Pooling Cervical Swabs for Detection of Chlamydia trachomatis by PCR: Sensitivity, Dilution, Inhibition, and Cost-Saving Aspects

Servaas A. Morré,* Rogier van Dijk, Chris J. L. M. Meijer, and Adriaan J. C. van den Brule
Department of Pathology
Section of Molecular Pathology
University Hospital Vrije Universiteit
Amsterdam, The Netherlands

Only two studies have investigated the pooling approach for cervical scrapes. In a small study, Lisby et al. (3) showed that pooling in groups of 5 was 100% sensitive and reduced costs. Recently, Kapala et al. (2) showed in a large study using a ligase chain reaction (LCR) that the pooling strategy is a desirable alternative to individual testing. However, both studies demonstrated the need for additional studies on dilution, inhibition, and internal controls. A pooling approach for a large research study was investigated, with special attention to inhibition and dilution. Beta-globin PCR was used to monitor inhibition and the presence of human cells followed by an in-house Chlamydia trachomatis PCR which is more sensitive (4) than PCR (Roche) and LCR (Abbott) and allows for much higher through-put for considerably less money.

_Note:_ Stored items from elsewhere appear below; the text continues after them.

(* (i) $\mathbf{V}_{\mathcal{L}}=\mathbf{LZ}^{\bullet}\circ\mathbf{D}$. (ii) $\mathbf{V}_{\mathcal{R}}=\mathbf{RZ}^{\bullet}\circ\mathbf{D}$.
   Context: An idempotent semiring is an algebra $(S,+,\cdot)$ with $(S,+)$, $(S,\cdot)$ bands and both distributive laws; addition not assumed commutative. Green's relations: $a\,\mathcal{L}^{\bullet}\,b$ iff $ab=a$, $ba=b$; $a\,\mathcal{R}^{\bullet}\,b$ iff $ab=b$, $ba=a$. $\mathbf{V}_{\mathcal{L}}$ (resp. $\mathbf{V}_{\mathcal{R}}$) is the class of idempotent semirings $S$ on which $\mathcal{L}^{\bullet}$ (resp. $\mathcal{R}^{\bullet}$) is the least distributive lattice congruence; equivalently the variety of idempotent semirings satisfying $x\approx xy+x+xy$ (resp. $x\approx yx+x+yx$). $\mathbf{D}$ is the variety of distributive lattices (idempotent semirings satisfying $x+y\approx y+x$, $xy\approx yx$, $x+xy\approx x$); $\mathbf{LZ}^{\bullet}$ (resp. $\mathbf{RZ}^{\bullet}$) is the variety of idempotent semirings satisfying $xy\approx x$ (resp. $xy\approx y$). For classes $\mathbf{V},\mathbf{W}$ of idempotent semirings, the Mal'cev product $\mathbf{V}\circ\mathbf{W}$ is the class of idempotent semirings $S$ admitting a congruence $\rho$ with $S/\rho\in\mathbf{W}$ and every $\rho$-class (a subsemiring) belonging to $\mathbf{V}$. *)

theory Defs
  imports Main
begin

text \<open>An algebra (S, p, m): carrier set S with addition p and multiplication m
  (total functions, required to be closed on S).  Addition is not assumed commutative.\<close>

definition idem_semiring :: "'a set \<Rightarrow> ('a \<Rightarrow> 'a \<Rightarrow> 'a) \<Rightarrow> ('a \<Rightarrow> 'a \<Rightarrow> 'a) \<Rightarrow> bool" where
  "idem_semiring S p m \<longleftrightarrow>
     (\<forall>x\<in>S. \<forall>y\<in>S. p x y \<in> S \<and> m x y \<in> S) \<and>
     (\<forall>x\<in>S. \<forall>y\<in>S. \<forall>z\<in>S. p (p x y) z = p x (p y z) \<and> m (m x y) z = m x (m y z)) \<and>
     (\<forall>x\<in>S. p x x = x \<and> m x x = x) \<and>
     (\<forall>x\<in>S. \<forall>y\<in>S. \<forall>z\<in>S. m x (p y z) = p (m x y) (m x z) \<and> m (p x y) z = p (m x z) (m y z))"

definition V_L :: "'a set \<Rightarrow> ('a \<Rightarrow> 'a \<Rightarrow> 'a) \<Rightarrow> ('a \<Rightarrow> 'a \<Rightarrow> 'a) \<Rightarrow> bool" where
  "V_L S p m \<longleftrightarrow> idem_semiring S p m \<and>
     (\<forall>x\<in>S. \<forall>y\<in>S. x = p (p (m x y) x) (m x y))"

definition V_R :: "'a set \<Rightarrow> ('a \<Rightarrow> 'a \<Rightarrow> 'a) \<Rightarrow> ('a \<Rightarrow> 'a \<Rightarrow> 'a) \<Rightarrow> bool" where
  "V_R S p m \<longleftrightarrow> idem_semiring S p m \<and>
     (\<forall>x\<in>S. \<forall>y\<in>S. x = p (p (m y x) x) (m y x))"

text \<open>Distributive lattices as idempotent semirings.\<close>
definition D_var :: "'a set \<Rightarrow> ('a \<Rightarrow> 'a \<Rightarrow> 'a) \<Rightarrow> ('a \<Rightarrow> 'a \<Rightarrow> 'a) \<Rightarrow> bool" where
  "D_var S p m \<longleftrightarrow> idem_semiring S p m \<and>
     (\<forall>x\<in>S. \<forall>y\<in>S. p x y = p y x \<and> m x y = m y x \<and> p x (m x y) = x)"

definition LZ_var :: "'a set \<Rightarrow> ('a \<Rightarrow> 'a \<Rightarrow> 'a) \<Rightarrow> ('a \<Rightarrow> 'a \<Rightarrow> 'a) \<Rightarrow> bool" where
  "LZ_var S p m \<longleftrightarrow> idem_semiring S p m \<and> (\<forall>x\<in>S. \<forall>y\<in>S. m x y = x)"

definition RZ_var :: "'a set \<Rightarrow> ('a \<Rightarrow> 'a \<Rightarrow> 'a) \<Rightarrow> ('a \<Rightarrow> 'a \<Rightarrow> 'a) \<Rightarrow> bool" where
  "RZ_var S p m \<longleftrightarrow> idem_semiring S p m \<and> (\<forall>x\<in>S. \<forall>y\<in>S. m x y = y)"

definition semiring_cong :: "'a set \<Rightarrow> ('a \<Rightarrow> 'a \<Rightarrow> 'a) \<Rightarrow> ('a \<Rightarrow> 'a \<Rightarrow> 'a) \<Rightarrow> 'a rel \<Rightarrow> bool" where
  "semiring_cong S p m \<rho> \<longleftrightarrow> equiv S \<rho> \<and>
     (\<forall>a b c d. (a, b) \<in> \<rho> \<longrightarrow> (c, d) \<in> \<rho> \<longrightarrow> (p a c, p b d) \<in> \<rho> \<and> (m a c, m b d) \<in> \<rho>)"

definition quot_op :: "'a rel \<Rightarrow> ('a \<Rightarrow> 'a \<Rightarrow> 'a) \<Rightarrow> 'a set \<Rightarrow> 'a set \<Rightarrow> 'a set" where
  "quot_op \<rho> f A B = \<rho> `` {f a b | a b. a \<in> A \<and> b \<in> B}"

Initially, 500 randomly selected cervical scrapes were used to optimize the pooling strategy. Cervical specimens were pooled in groups of 5 by mixing 50 μl of each well-vortexed cervical sample in one tube. For all 500 individual samples and all 100 pools of 5, C. trachomatis and beta-globin PCRs were performed using 20, 10, or 5 μl as input in the PCR. PCRs and enzyme immunoassays were performed as described previously (1, 5). The results are shown in Table Table1.1. Reducing the input in the PCR from 20 or 10 μl to 5 μl resulted in a large reduction of inhibition, as shown by beta-globin PCRs, especially in the pooled samples. Two additional C. trachomatis-positive pools, compared to individual testing, were found (10 and 5 μl of input). DNA isolation (High Pure PCR template preparation kit; Roche Diagnostics Corporation) from the beta-globin PCR- and C. trachomatis PCR-negative individual samples identified the two missed samples.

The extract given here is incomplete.